ICANN approves “digital archery” gTLD batching
It’s official. ICANN’s board of directors has approved the widely derided “time target variance” procedure for batching new generic top-level domain applications.
It’s now being officially called “digital archery”.
The ICANN board met on Wednesday to vote in favor of the system, which was first outlined by senior VP Kurt Pritz at the Costa Rica meeting earlier this month.
Resolved (2012.03.28.01), the Board confirms the approval of secondary timestamp/digital archery as the mechanism for sorting new gTLD applications into batches, and directs that the operational details of the mechanism be communicated to applicants and the public as necessary and appropriate.
The digital archery system outlined in the resolution is pretty much identical to what Pritz described at ICANN 43.
New gTLD applicants will be asked to select a target time, then log into a special page of the TLD Application System to hit a “Submit” button as close to that time as possible.
The applicants whose clicks are recorded closest to the target time get to be in the first batch. ICANN will rotate through applicants from its five regions to avoid geographic bias.
There’ll also be an opt-out for those applicants for whom time to market is less important.
“The closer to zero the secondary timestamp is the more likely the application will be processed in the earliest batch, assuming the applicant has opted in to the earliest batch,” the resolution reads.
The system still appears to favor applicants skilled in drop-catching and other domainer disciplines.
Judging by screenshots released by ICANN today, there will be no Turing test (such as a CAPTCHA), which suggests that a scripted virtual “click” may be the best way to get a good timestamp.
It’s also not yet clear how ICANN plans to address the problem of network latency, to prevent applicants “renting a room at the Marina Del Rey Marriott” and thereby reducing the number of network hops between themselves and ICANN’s servers.
The resolution’s rationale reads: “Latency concerns are addressed in a fair manner so that applicants are not put at an advantage or disadvantage based on their geographic location”.
The digital archery system was met with borderline disbelief by many ICANN 43 attendees.
ICANN’s board resolution suggests that the system may have also been controversial within the board. It notes:
some members of the community have expressed concerns about whether the digital archery proposal is sensible and fair, and an informal subgroup of the Board has studied the feasibility, benefits, and risks of the proposal as well as alternative batching mechanisms such as auction.

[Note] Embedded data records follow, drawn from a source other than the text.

(* Let $f_{\operatorname{base}}$ be a baseline model. Suppose that the function class $\mathcal{F}$ is convex with $\tau^{(s)}\in\mathcal{F}$ for all $s\in\{1,\ldots,S\}$, and that $\mathcal{H}$ is a convex subset of $\Delta_{S-1}$. Let \[ f^*_{\operatorname{rel}}(\cdot;f_{\operatorname{base}})=\underset{f\in\mathcal{F}}{\arg\min}\ \max_{Q\in\mathcal{C}(Q_{\boldsymbol{X}},\mathcal{H})}\ \mathbb{E}_Q\Big[(Y(1)-Y(0)-f(\boldsymbol{X}))^2-(Y(1)-Y(0)-f_{\operatorname{base}}(\boldsymbol{X}))^2\Big]. \] Then \[ f^*_{\operatorname{rel}}(\cdot;f_{\operatorname{base}})=\sum_{s=1}^S q_s^*\,\tau^{(s)}(\cdot)\quad\text{with}\quad \boldsymbol{q}^*=\underset{\boldsymbol{q}\in\mathcal{H}}{\arg\min}\ \mathbb{E}_{Q_{\boldsymbol{X}}}\Big[\sum_{s=1}^S q_s\tau^{(s)}(\boldsymbol{X})-f_{\operatorname{base}}(\boldsymbol{X})\Big]^2. \]
   Context: Setting: there are $S$ source sites; site $s$ has a joint distribution $P^{(s)}$ of potential outcomes $(Y(1),Y(0))$ (real-valued) and covariates $\boldsymbol{X}\in\mathcal{X}$, with site-specific conditional average treatment effect (CATE) $\tau^{(s)}(\boldsymbol{x})=\mathbb{E}_{P^{(s)}}[Y(1)-Y(0)\mid \boldsymbol{X}=\boldsymbol{x}]$. $Q_{\boldsymbol{X}}$ is a target covariate distribution on $\mathcal{X}$. For a joint distribution $Q$ of $(Y(1),Y(0),\boldsymbol{X})$, $\tau_Q(\boldsymbol{x})=\mathbb{E}_Q[Y(1)-Y(0)\mid\boldsymbol{X}=\boldsymbol{x}]$. $\Delta_{S-1}=\{\boldsymbol{q}\in\mathbb{R}^S:\sum_s q_s=1,\ \min_s q_s\ge 0\}$. For $\mathcal{H}\subseteq\Delta_{S-1}$, the uncertainty set is $\mathcal{C}(Q_{\boldsymbol{X}},\mathcal{H})=\{Q=(Q_{\boldsymbol{X}},Q_{(Y(1),Y(0))\mid\boldsymbol{X}}):\ \tau_Q(\cdot)=\sum_{s=1}^S q_s\tau^{(s)}(\cdot)\text{ for some }\boldsymbol{q}\in\mathcal{H}\}$. *)

theory Defs
  imports "HOL-Probability.Probability"
begin

text \<open>Sites are indexed by a finite type 's (S = CARD('s)); weight vectors are real^'s.\<close>

definition prob_simplex :: "(real^'s::finite) set" where
  "prob_simplex = {q. sum (\<lambda>s. q $ s) UNIV = 1 \<and> (\<forall>s. q $ s \<ge> 0)}"

definition tau_mix :: "('s::finite \<Rightarrow> 'x \<Rightarrow> real) \<Rightarrow> real^'s \<Rightarrow> 'x \<Rightarrow> real" where
  "tau_mix tau q x = (\<Sum>s\<in>UNIV. q $ s * tau s x)"

definition fun_convex :: "('x \<Rightarrow> real) set \<Rightarrow> bool" where
  "fun_convex F \<longleftrightarrow> (\<forall>f\<in>F. \<forall>g\<in>F. \<forall>t::real. 0 \<le> t \<and> t \<le> 1 \<longrightarrow>
      (\<lambda>x. t * f x + (1 - t) * g x) \<in> F)"

text \<open>A joint distribution Q = (Q_X, Q_{(Y(1),Y(0))|X}) with fixed covariate marginal Q_X is
 represented by the conditional law K of (Y(1),Y(0)) given X (a Markov kernel).
 tau_Q(x) = E_{K x}[Y(1) - Y(0)].\<close>
definition unc_set :: "'x measure \<Rightarrow> ('s::finite \<Rightarrow> 'x \<Rightarrow> real) \<Rightarrow> (real^'s) set
    \<Rightarrow> ('x \<Rightarrow> (real \<times> real) measure) set" where
  "unc_set QX tau H = {K. K \<in> measurable QX (subprob_algebra borel)
      \<and> (\<forall>x\<in>space QX. prob_space (K x))
      \<and> (AE x in QX. integrable (K x) (\<lambda>y. fst y - snd y))
      \<and> (\<exists>q\<in>H. AE x in QX. (\<integral>y. (fst y - snd y) \<partial>K x) = tau_mix tau q x)}"

definition expect_joint :: "'x measure \<Rightarrow> ('x \<Rightarrow> (real \<times> real) measure)
    \<Rightarrow> ('x \<Rightarrow> real \<times> real \<Rightarrow> real) \<Rightarrow> real" where
  "expect_joint QX K g = (\<integral>x. (\<integral>y. g x y \<partial>K x) \<partial>QX)"

definition robust_rel_risk :: "'x measure \<Rightarrow> ('s::finite \<Rightarrow> 'x \<Rightarrow> real) \<Rightarrow> (real^'s) set
    \<Rightarrow> ('x \<Rightarrow> real) \<Rightarrow> ('x \<Rightarrow> real) \<Rightarrow> real" where
  "robust_rel_risk QX tau H fb f =
     (SUP K\<in>unc_set QX tau H. expect_joint QX K
        (\<lambda>x y. (fst y - snd y - f x)\<^sup>2 - (fst y - snd y - fb x)\<^sup>2))"

end

theory Submission
  imports Defs
begin

text \<open>Write tau_q for the mixture of the site CATEs with weights q, and norms and inner
  products for those of L2(QX). Since (D - a)^2 - (D - b)^2 is affine in D, the
  conditional law of (Y(1), Y(0)) given X enters the relative regret only through its mean,
  so the worst case over the uncertainty set is the supremum over q in H of
  R(f, q) = |f - tau_q|^2 - |fb - tau_q|^2, every q being realised by a point-mass kernel.
  As q* minimises |tau_q - fb|^2 over the convex set H, the first-order condition
  <tau_q* - fb, tau_q - tau_q*> \<ge> 0 and Pythagoras give R(tau_q*, q) \<le> -|fb - tau_q*|^2 for
  all q in H, whereas R(f, q*) = |f - tau_q*|^2 - |fb - tau_q*|^2. Hence the worst-case
  regret of f exceeds that of tau_q* by at least |f - tau_q*|^2, which gives both
  optimality and uniqueness almost everywhere.\<close>

definition square_integrable :: "'a measure \<Rightarrow> ('a \<Rightarrow> real) \<Rightarrow> bool" where
  "square_integrable M f \<longleftrightarrow> f \<in> borel_measurable M \<and> integrable M (\<lambda>x. (f x)\<^sup>2)"
lemma card_Fspan_insert:
  assumes z: "z \<notin> Fspan F S"
  shows "card (Fspan F (insert z S)) = q * card (Fspan F S)"
proof -
  have "inj_on (\<lambda>(s, a). s + a * z) (Fspan F S \<times> F)"
  proof (rule inj_onI, clarsimp)
    fix s a s' a' assume s: "s \<in> Fspan F S" "s' \<in> Fspan F S" and a: "a \<in> F" "a' \<in> F"
      and eq: "s + a * z = s' + a' * z"
    show "s = s' \<and> a = a'"
    proof (cases "a = a'")
      case False
      then have "z = inverse (a - a') * (s' - s)"
        using eq by (simp add: field_simps)
      moreover have "inverse (a - a') * (s' - s) \<in> Fspan F S"
        using s a by (intro Fspan_scale subfield_inverse subfield_diff Fspan_diff)
      ultimately show ?thesis
        using z by simp
    qed (use eq in simp)
  qed
  moreover have "Fspan F (insert z S) = (\<lambda>(s, a). s + a * z) ` (Fspan F S \<times> F)"
    unfolding Fspan_insert by auto
  ultimately show ?thesis
    by (simp add: card_image card_cartesian_product card_F)
qed

lemma card_Fspan_le: "card (Fspan F B) \<le> q ^ card B"
proof (induction B rule: infinite_finite_induct)
  case (insert z B)
  have "q ^ card B \<le> q ^ card (insert z B)"
    using insert(1,2) two_le_q by (intro power_increasing) auto
  show ?case
  proof (cases "z \<in> Fspan F B")
    case True
    then show ?thesis
      using insert(3) \<open>q ^ card B \<le> q ^ card (insert z B)\<close> Fspan_insert_absorb by simp
  next
    case False
    then show ?thesis
      using insert card_Fspan_insert by simp
  qed
qed (simp_all add: Fspan_empty)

Here’s how new gTLD batching will work
ICANN has revealed the unusual process new top-level domain applicants will have to use to compete for premium gTLD evaluation batch slots.
Senior vice president Kurt Pritz described a “Target Time Variance” system at a meeting with the GNSO Council at ICANN’s public meeting in Costa Rica this morning.
It’s a fairground skill game, essentially, but without the carnies.
Here’s how it will work.
At some point after the application window has closed, new gTLD applicants will be asked to pick a “target time” – a date and time in the near future.
They will then have to visit the ICANN TLD Application System and click a “Submit” button as close to that target time as possible.
The closer the applicant is to its chosen target time — presumably measured by ICANN’s server time — the higher priority in the batching process its application.
After all the times are collected, batches will be created by selecting the fastest applicant from each of the five ICANN geographic regions, then the second-fastest, and so on in a round-robin fashion.
Applicants will also be able to opt-out if time to market is not a major concern.
What ICANN seems to have created could be compared to a domain name drop or a landrush period, in which the company with the best technology stands the best chance of securing the asset.
Pritz said applicants will get a chance to test the system and calibrate their response times.
Network latency at the time the applicant hits submit may prove to be a critical factor – applicants are already today thinking aloud about renting servers as few hops from ICANN’s servers as possible.
“It’s clearly first-come first served,” GNSO Council chair Stephane Van Gelder said during the session this morning.
Council member Wendy Seltzer asked, given all the unpredictable network factors that could impact an applicant’s response time, how Time Target Variance is any different to random selection.
ICANN has of course rejected random selection – everybody’s preferred option – because companies opposed to new gTLDs would immediately sue ICANN to block the program for violations of Californian gambling laws.
“Random selection is just not available,” Pritz said. “Significant legal analysis was done over a long period of time.”
But there’s no beating the lawyers, apparently. Now attendees here in Costa Rica are wondering whether this skill game may potentially violate American disability/access laws, which doesn’t seem to be something ICANN has considered.
The Time Target Variance system has not yet been approved by the ICANN board of directors. That could happen at its meeting this Friday.